DMD is caused by a defect in one of your genes. Genes store the information your body needs to make proteins, which carry out important bodily functions. If you have DMD, the gene that makes a protein called dystrophin is broken. It is this protein that keeps muscle strong, healthy and protects them from injury. The condition is more common among boys because of the way parents pass DMD genes to their children. That is why the scientists call this a sex-linked disease as it is connected to the group of genes, called chromosomes, that determines if a baby is a boy or a girl. Although it is rare, sometimes people who don’t have a history of DMD in their family can also get affected when their genes get faulty on their own.

Symptoms of DMD

If a child is affected with DMD first signs can come about before he turns six years old. Muscles in the legs usually get affected first, so he will probably start to walk much later than other children his age. Once he can walk, he may fall down quite often and find it difficult to climb stairs or getting up from the floor. After a few years, he might also begin to waddle or walk on his toes.

DMD can also affect heart, lungs and other parts of the body. As the child gets older, he might have other symptoms, including:

• A curved spine, also called scoliosis
• Shortened, tight muscles in his legs, called contractures
• Headaches
• Problems with learning and memory
• Shortness of breath
• Sleepiness
• Trouble concentrating

The muscles problems can lead to cramps at times, but usually DMD is not painful. The child will still have control of his bladder and bowels. Although some children with this condition may have learning and behavioral issues, DMD is usually unlikely to affect a child’s intelligence.

Getting a diagnosis of DMD

First, you should let your child’s doctor know the symptoms you have been noticing. The doctor may ask about medical history. The doctor will give the child a thorough physical exam and some tests may also be done to rule out other conditions that can cause muscle weakness.

If the doctor suspects DMD, he/she will recommend tests like:
• Blood tests
• Gene tests
• Muscle biopsy


There is no definite cure for DMD, but there are medicines and other therapeutic interventions like Stem Cell Therapy that can ease your child’s symptoms, protect his muscles and keep his heart and lungs healthy.

Taking care of your child

It is heartbreaking to learn that one’s child is suffering from DMD, but remember that this condition does not prevent him from going to school, play sports and have fun with friends. If you stick to the treatment regime, know what works for the child, you can help him lead an active life.
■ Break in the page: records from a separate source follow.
(* Let $c\in Z^{10}$ with $\sum_i c_i=0$, $t\nmid C_i$ for all odd $i$, $t\mid C_3+C_5$, and $t\nmid C_i+C_{i+2}$ for all odd $i\neq 3$ (indices mod $10$). Then there exists $\beta\in\mathbb{C}\setminus\{0,-1,-2\}$ such that $\mathbb{M}(c)\cong\mathbb{M}_\beta$ as $B_{5,10}$-modules.
   Context: Let $Z=\mathbb{C}[[t]]$. Let $\Gamma_{10}$ be the quiver with vertices $0,1,\dots,9$ (indices taken mod $10$) on a cycle and arrows $x_i\colon i-1\to i$, $y_i\colon i\to i-1$ for $i=1,\dots,10$. Let $B_{5,10}$ be the completed path algebra of $\Gamma_{10}$ modulo the closed ideal generated by $xy=yx$ and $x^5=y^5$ at every vertex. For $b=(b_1,\dots,b_{10})\in Z^{10}$ with $\sum_i b_i=0$, the $B_{5,10}$-module $\mathbb{M}(b)$ has $V_i=Z\oplus Z$ at every vertex, and for odd $j$: $x_j=\begin{pmatrix} t& b_j\\ 0&1\end{pmatrix}$, $y_j=\begin{pmatrix} 1&-b_j\\0&t\end{pmatrix}$; for even $j$: $x_j=\begin{pmatrix}1&b_j\\0&t\end{pmatrix}$, $y_j=\begin{pmatrix}t&-b_j\\0&1\end{pmatrix}$. An isomorphism $\mathbb{M}(b)\to\mathbb{M}(c)$ is a family of invertible $Z$-linear maps $\varphi_i\colon Z^2\to Z^2$ commuting with all $x_i$ and $y_i$. For odd $i$ write $B_i=b_i+b_{i+1}$ and $C_i=c_i+c_{i+1}$ (indices mod $10$). For $\beta\in\mathbb{C}\setminus\{0,-1,-2\}$, $\mathbb{M}_\beta$ denotes $\mathbb{M}(b)$ for a tuple $b$ with $B_1=\beta$, $B_3=1$, $B_5=-1$, $B_7=-\beta-1$, $B_9=1$ (e.g. $b_i=B_i$ for odd $i$ and $b_i=0$ for even $i$). *)

theory Defs
  imports "HOL-Analysis.Analysis" "HOL-Computational_Algebra.Formal_Power_Series"
begin

(* Z = C[[t]] is  complex fps ; t is fps_X.
   Z-linear maps Z^2 -> Z^2 are 2x2 matrices (complex fps ^2^2) acting on column vectors. *)

definition mat2 :: "'a::zero \<Rightarrow> 'a \<Rightarrow> 'a \<Rightarrow> 'a \<Rightarrow> 'a^2^2" where
  "mat2 a b c d = (\<chi> i j. if i = 1 then (if j = 1 then a else b) else (if j = 1 then c else d))"

(* tuples b = (b_1,...,b_10) are functions nat => complex fps; only indices 1..10 matter *)

(* matrix of x_j in M(b), x_j : V_{j-1} -> V_j *)
definition Xmat :: "(nat \<Rightarrow> complex fps) \<Rightarrow> nat \<Rightarrow> complex fps^2^2" where
  "Xmat b j = (if odd j then mat2 fps_X (b j) 0 1 else mat2 1 (b j) 0 fps_X)"

(* matrix of y_j in M(b), y_j : V_j -> V_{j-1} *)
definition Ymat :: "(nat \<Rightarrow> complex fps) \<Rightarrow> nat \<Rightarrow> complex fps^2^2" where
  "Ymat b j = (if odd j then mat2 1 (- b j) 0 fps_X else mat2 fps_X (- b j) 0 1)"

definition M_iso :: "(nat \<Rightarrow> complex fps) \<Rightarrow> (nat \<Rightarrow> complex fps) \<Rightarrow> bool" where
  "M_iso b c \<longleftrightarrow> (\<exists>\<phi> :: nat \<Rightarrow> complex fps^2^2.
      (\<forall>i<10. invertible (\<phi> i)) \<and>
      (\<forall>j\<in>{1..10}. \<phi> (j mod 10) ** Xmat b j = Xmat c j ** \<phi> (j - 1) \<and>
                    \<phi> (j - 1) ** Ymat b j = Ymat c j ** \<phi> (j mod 10)))"

definition beta_tuple :: "complex \<Rightarrow> nat \<Rightarrow> complex fps" where
  "beta_tuple \<beta> i = (if i = 1 then fps_const \<beta> else if i = 3 then 1 else if i = 5 then -1
      else if i = 7 then fps_const (- \<beta> - 1) else if i = 9 then 1 else 0)"

end

theory Submission
  imports Defs
begin

(* Since every x_j has determinant t on both sides, all det phi_j coincide, so only phi_0 has
   to be invertible.  Taking phi_j with diagonal p_j, r_j and constant lower left entry s
   (times t at even vertices), the intertwining relations make p_j and r_j affine in the
   partial sums of e and c, and the upper right entries exist iff t divides a bilinear
   expression at the even vertices.  For e = beta_tuple beta and constant p_0, r_0, s this says
   that the Moebius map A |-> v A / (u - s A) sends the constant terms 0, A_2 = A_6, A_4, A_8 of
   the even partial sums of c to 0, beta, beta + 1, -1.  The hypotheses (some of them redundant)
   make these four points distinct, and beta is a square root of a
   cross-ratio minus 1. *)

lemma fps_X_dvd_iff: "fps_X dvd (f :: 'a::comm_ring_1 fps) \<longleftrightarrow> fps_nth f 0 = 0"
proof
  assume "fps_X dvd f"
  then show "fps_nth f 0 = 0" by (auto elim: dvdE)
next
  assume "fps_nth f 0 = 0"
  then have "f = fps_X * fps_shift 1 f"
    by (intro fps_ext) simp
  then show "fps_X dvd f" by (metis dvd_triv_left)
qed

lemma mat2_mult:
  "mat2 a b c d ** mat2 a' b' c' d' =
     mat2 (a * a' + b * c') (a * b' + b * d') (c * a' + d * c') (c * b' + d * d')"
  by (simp add: matrix_matrix_mult_def mat2_def vec_eq_iff forall_2 sum_2)

lemma mat2_eq_iff: "mat2 a b c d = mat2 a' b' c' d' \<longleftrightarrow> a = a' \<and> b = b' \<and> c = c' \<and> d = d'"
  by (simp add: mat2_def vec_eq_iff forall_2)

lemma mat2_expand: "A = mat2 (A $ 1 $ 1) (A $ 1 $ 2) (A $ 2 $ 1) (A $ 2 $ 2)"
  by (simp add: mat2_def vec_eq_iff forall_2)

lemma mat_1_eq_mat2: "mat 1 = mat2 1 0 0 1"
  by (simp add: mat_def mat2_def vec_eq_iff forall_2)

lemma det_mat2 [simp]: "det (mat2 a b c d) = a * d - b * c"
  by (simp add: det_2 mat2_def)

lemma invertible_if_is_unit_det:
  fixes A :: "'a::comm_ring_1^2^2"
  assumes "det A dvd 1"
  shows "invertible A"
proof -
  obtain a b c d where A: "A = mat2 a b c d" by (metis mat2_expand)
  from assms obtain k where k: "(a * d - b * c) * k = 1" by (auto simp: A elim: dvdE)
  have "A ** mat2 (d * k) (- b * k) (- c * k) (a * k) = mat 1"
    and "mat2 (d * k) (- b * k) (- c * k) (a * k) ** A = mat 1"
    using k by (simp_all add: A mat2_mult mat_1_eq_mat2 mat2_eq_iff algebra_simps)
  then show ?thesis unfolding invertible_def by blast
qed

lemma det_Xmat: "det (Xmat b j) = fps_X"
  by (simp add: Xmat_def)

lemma M_iso_if_intertwining:
  fixes \<Phi> :: "nat \<Rightarrow> complex fps^2^2"
  assumes unit: "is_unit (det (\<Phi> 0))"
    and intertwine: "\<And>j. j \<in> {1..10} \<Longrightarrow>
      \<Phi> (j mod 10) ** Xmat b j = Xmat c j ** \<Phi> (j - 1) \<and>
      \<Phi> (j - 1) ** Ymat b j = Ymat c j ** \<Phi> (j mod 10)"
  shows "M_iso b c"
proof -
  have det_const: "det (\<Phi> i) = det (\<Phi> 0)" if "i < 10" for i
    using that
  proof (induction i)
    case (Suc i)
    have j: "Suc i \<in> {1..10}" "Suc i mod 10 = Suc i" using Suc.prems by auto
    have "\<Phi> (Suc i) ** Xmat b (Suc i) = Xmat c (Suc i) ** \<Phi> i"
      using intertwine[OF j(1)] j(2) by simp
    then have "det (\<Phi> (Suc i)) * fps_X = fps_X * det (\<Phi> i)"
      by (metis det_mul det_Xmat)
    then show ?case using Suc by simp
  qed simp
  have "invertible (\<Phi> i)" if "i < 10" for i
    using unit unfolding det_const[OF that, symmetric] by (rule invertible_if_is_unit_det)
  with intertwine show ?thesis unfolding M_iso_def by blast
qed

definition phi_mat ::
  "(nat \<Rightarrow> complex fps) \<Rightarrow> (nat \<Rightarrow> complex fps) \<Rightarrow> (nat \<Rightarrow> complex fps) \<Rightarrow> complex fps \<Rightarrow> nat \<Rightarrow> complex fps^2^2"
  where "phi_mat p q r s j = mat2 (p j) (q j) (if odd j then s else fps_X * s) (r j)"

lemma phi_mat_intertwines:
  assumes "j \<ge> 1"
    and p: "p j = p (j - 1) + e j * s" and r: "r (j - 1) = r j + c j * s"
    and q_odd: "odd j \<Longrightarrow> q j = fps_X * q (j - 1) + (e j * r (j - 1) - p j * c j)"
    and q_even: "even j \<Longrightarrow> fps_X * q j = q (j - 1) + (e j * r (j - 1) - p j * c j)"
  shows "phi_mat p q r s j ** Xmat c j = Xmat e j ** phi_mat p q r s (j - 1)"
    and "phi_mat p q r s (j - 1) ** Ymat c j = Ymat e j ** phi_mat p q r s j"
proof -
  have "odd (j - 1) \<longleftrightarrow> even j" using \<open>j \<ge> 1\<close> by (cases j) auto
  then show "phi_mat p q r s j ** Xmat c j = Xmat e j ** phi_mat p q r s (j - 1)"
    and "phi_mat p q r s (j - 1) ** Ymat c j = Ymat e j ** phi_mat p q r s j"
    using p r q_odd q_even
    by (cases "odd j"; simp add: phi_mat_def Xmat_def Ymat_def mat2_mult mat2_eq_iff algebra_simps)+
qed

definition psum :: "(nat \<Rightarrow> 'a::comm_monoid_add) \<Rightarrow> nat \<Rightarrow> 'a"
  where "psum f j = (\<Sum>i=1..j. f i)"

lemma psum_0 [simp]: "psum f 0 = 0"
  by (simp add: psum_def)

lemma psum_Suc [simp]: "psum f (Suc j) = psum f j + f (Suc j)"
  by (simp add: psum_def)

lemma M_iso_if_partial_sums:
  fixes c e :: "nat \<Rightarrow> complex fps" and p0 r0 s :: "complex fps"
  assumes c_sum: "psum c 10 = 0" and e_sum: "psum e 10 = 0" and unit: "is_unit (p0 * r0)"
    and dvd: "\<And>j. j \<in> {2, 4, 6, 8} \<Longrightarrow>
      fps_X dvd (psum e j * r0 - p0 * psum c j - s * psum e j * psum c j)"
  shows "M_iso c e"
proof -
  define p where "p j = p0 + s * psum e j" for j
  define r where "r j = r0 - s * psum c j" for j
  \<comment> \<open>\<open>Q j\<close> is the partial sum of the defects \<open>e i * r (i - 1) - p i * c i\<close>, \<open>i \<le> j\<close>
     (summation by parts); the relations for the \<open>x\<close>-arrows force \<open>q j = Q j\<close> at odd
     and \<open>q j = Q j / t\<close> at even vertices.\<close>
  define Q where "Q j = psum e j * r0 - p0 * psum c j - s * psum e j * psum c j" for j
  define q where "q j = (if even j then Q j div fps_X else Q j)" for j
  have Q_Suc: "Q (Suc j) = Q j + (e (Suc j) * r j - p (Suc j) * c (Suc j))" for j
    by (simp add: Q_def p_def r_def algebra_simps)
  have Q_dvd: "fps_X dvd Q j" if "even j" "j \<le> 10" for j
  proof -
    from that have "j \<in> {0, 10} \<or> j \<in> {2, 4, 6, 8}" by (auto elim!: evenE)
    then show ?thesis using c_sum e_sum dvd by (auto simp: Q_def)
  qed
  have q_X: "fps_X * q j = (if even j then Q j else fps_X * Q j)" if "j \<le> 10" for j
    using Q_dvd[OF _ that] by (simp add: q_def dvd_mult_div_cancel del: fps_divide_X)
  have \<Phi>_period: "phi_mat p q r s 10 = phi_mat p q r s 0"
    using c_sum e_sum by (simp add: phi_mat_def p_def r_def q_def Q_def)
  show ?thesis
  proof (rule M_iso_if_intertwining)
    show "is_unit (det (phi_mat p q r s 0))"
      using unit by (simp add: phi_mat_def p_def r_def q_def Q_def)
  next
    fix j :: nat
    assume "j \<in> {1..10}"
    then obtain i where j: "j = Suc i" "i < 10" by (cases j) auto
    have "phi_mat p q r s (j mod 10) = phi_mat p q r s j"
      using j \<Phi>_period by (cases "j = 10") simp_all
    moreover have
      "phi_mat p q r s j ** Xmat c j = Xmat e j ** phi_mat p q r s (j - 1)"
      "phi_mat p q r s (j - 1) ** Ymat c j = Ymat e j ** phi_mat p q r s j"
      using j q_X[of i] q_X[of j] unfolding j(1)
      by (intro phi_mat_intertwines; simp add: p_def r_def q_def Q_Suc algebra_simps)+
    ultimately show "phi_mat p q r s (j mod 10) ** Xmat c j = Xmat e j ** phi_mat p q r s (j - 1) \<and>
      phi_mat p q r s (j - 1) ** Ymat c j = Ymat e j ** phi_mat p q r s (j mod 10)"
      by simp
  qed
qed

lemma moebius_normalisation:
  fixes a\<^sub>1 a\<^sub>2 a\<^sub>3 :: complex
  assumes "distinct [0, a\<^sub>1, a\<^sub>2, a\<^sub>3]"
  obtains \<beta> u v s where "\<beta> \<notin> {0, -1, -2}" "u * v \<noteq> 0"
    "\<beta> * u - v * a\<^sub>1 - s * \<beta> * a\<^sub>1 = 0"
    "(\<beta> + 1) * u - v * a\<^sub>2 - s * (\<beta> + 1) * a\<^sub>2 = 0"
    "(- 1) * u - v * a\<^sub>3 - s * (- 1) * a\<^sub>3 = 0"
proof -
  define g where "g = csqrt (a\<^sub>2 * (a\<^sub>3 - a\<^sub>1) / (a\<^sub>3 * (a\<^sub>2 - a\<^sub>1)))"
  have "a\<^sub>3 * (a\<^sub>2 - a\<^sub>1) \<noteq> 0" using assms by auto
  then have g: "g\<^sup>2 * (a\<^sub>3 * (a\<^sub>2 - a\<^sub>1)) = a\<^sub>2 * (a\<^sub>3 - a\<^sub>1)"
    by (simp add: g_def)
  have "g \<noteq> 0" using g assms by auto
  moreover have "g\<^sup>2 \<noteq> 1"
  proof
    assume "g\<^sup>2 = 1"
    with g have "a\<^sub>1 * (a\<^sub>2 - a\<^sub>3) = 0" by (simp add: algebra_simps)
    with assms show False by simp
  qed
  then have "g \<noteq> 1" "g \<noteq> -1" by auto
  ultimately have "g - 1 \<notin> {0, -1, -2}"
    by (auto simp: algebra_simps)
  moreover have "(a\<^sub>1 * a\<^sub>2) * ((g - 1) * (a\<^sub>2 - a\<^sub>1) * g) \<noteq> 0"
    using assms \<open>g \<noteq> 0\<close> \<open>g - 1 \<notin> {0, -1, -2}\<close> by auto
  ultimately show ?thesis
    using g by (intro that[of "g - 1" "a\<^sub>1 * a\<^sub>2" "(g - 1) * (a\<^sub>2 - a\<^sub>1) * g" "a\<^sub>1 - (g - 1) * (a\<^sub>2 - a\<^sub>1)"])
      (auto simp: power2_eq_square algebra_simps)
qed

theorem proposition2p9:
  fixes c :: "nat \<Rightarrow> complex fps"
  assumes "(\<Sum>i=1..10. c i) = 0"
    and "\<forall>i\<in>{1,3,5,7,9}. \<not> fps_X dvd (c i + c (i+1))"
    and "fps_X dvd ((c 3 + c 4) + (c 5 + c 6))"
    and "\<not> fps_X dvd ((c 1 + c 2) + (c 3 + c 4))"
    and "\<not> fps_X dvd ((c 5 + c 6) + (c 7 + c 8))"
    and "\<not> fps_X dvd ((c 7 + c 8) + (c 9 + c 10))"
    and "\<not> fps_X dvd ((c 9 + c 10) + (c 1 + c 2))"
  shows "\<exists>\<beta>::complex. \<beta> \<notin> {0, -1, -2} \<and> M_iso c (beta_tuple \<beta>)"
proof -
  define A where "A j = fps_nth (psum c j) 0" for j
  have c_sum: "psum c 10 = 0"
    using assms(1) by (simp add: psum_def)
  have pairs: "c 1 + c 2 = psum c 2" "c 3 + c 4 = psum c 4 - psum c 2"
    "c 5 + c 6 = psum c 6 - psum c 4" "c 7 + c 8 = psum c 8 - psum c 6" "c 9 + c 10 = psum c 10 - psum c 8"
    by (simp_all add: eval_nat_numeral)
  have "\<not> fps_X dvd (c 1 + c 2)" "\<not> fps_X dvd (c 3 + c 4)"
    "\<not> fps_X dvd (c 7 + c 8)" "\<not> fps_X dvd (c 9 + c 10)"
    using assms(2) by (simp_all add: numeral_2_eq_2)
  with assms(3-5) c_sum have distinct: "distinct [0, A 2, A 4, A 8]" and A_6: "A 6 = A 2"
    unfolding pairs by (auto simp: A_def fps_X_dvd_iff)
  obtain \<beta> u v s where \<beta>: "\<beta> \<notin> {0, -1, -2}" and "u * v \<noteq> 0"
    and "\<beta> * u - v * A 2 - s * \<beta> * A 2 = 0"
    and "(\<beta> + 1) * u - v * A 4 - s * (\<beta> + 1) * A 4 = 0"
    and "(- 1) * u - v * A 8 - s * (- 1) * A 8 = 0"
    using moebius_normalisation[OF distinct] by blast
  moreover have "psum (beta_tuple \<beta>) 2 = fps_const \<beta>" "psum (beta_tuple \<beta>) 4 = fps_const (\<beta> + 1)"
    "psum (beta_tuple \<beta>) 6 = fps_const \<beta>" "psum (beta_tuple \<beta>) 8 = - 1"
    "psum (beta_tuple \<beta>) 10 = 0"
    by (simp_all add: beta_tuple_def eval_nat_numeral algebra_simps flip: fps_const_add)
  ultimately have "M_iso c (beta_tuple \<beta>)"
    using c_sum A_6
    by (intro M_iso_if_partial_sums[of c _ "fps_const v" "fps_const u" "fps_const s"])
      (auto simp: fps_X_dvd_iff A_def[symmetric] algebra_simps)
  with \<beta> show ?thesis by blast
qed

end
• Encourage him to stand and walk as much as possible
• Advice him to eat right
• Stay active. Exercise and stretches can keep your child’s muscles and joints supple and help him feel better.
• Find support. Other families with DMD can be a great source of understanding about life with the disease

What to expect

As years pass by, child’s muscles can get weaker and walking becomes increasingly difficult. Many children with DMD need the help of a wheelchair to move around by the time they reach 12 years old. Although some kids live only into their teens, the outlook for the condition is much better than it used to be. Today young adults with this form of muscle weakness can go to college, can work, marry and start families of their own.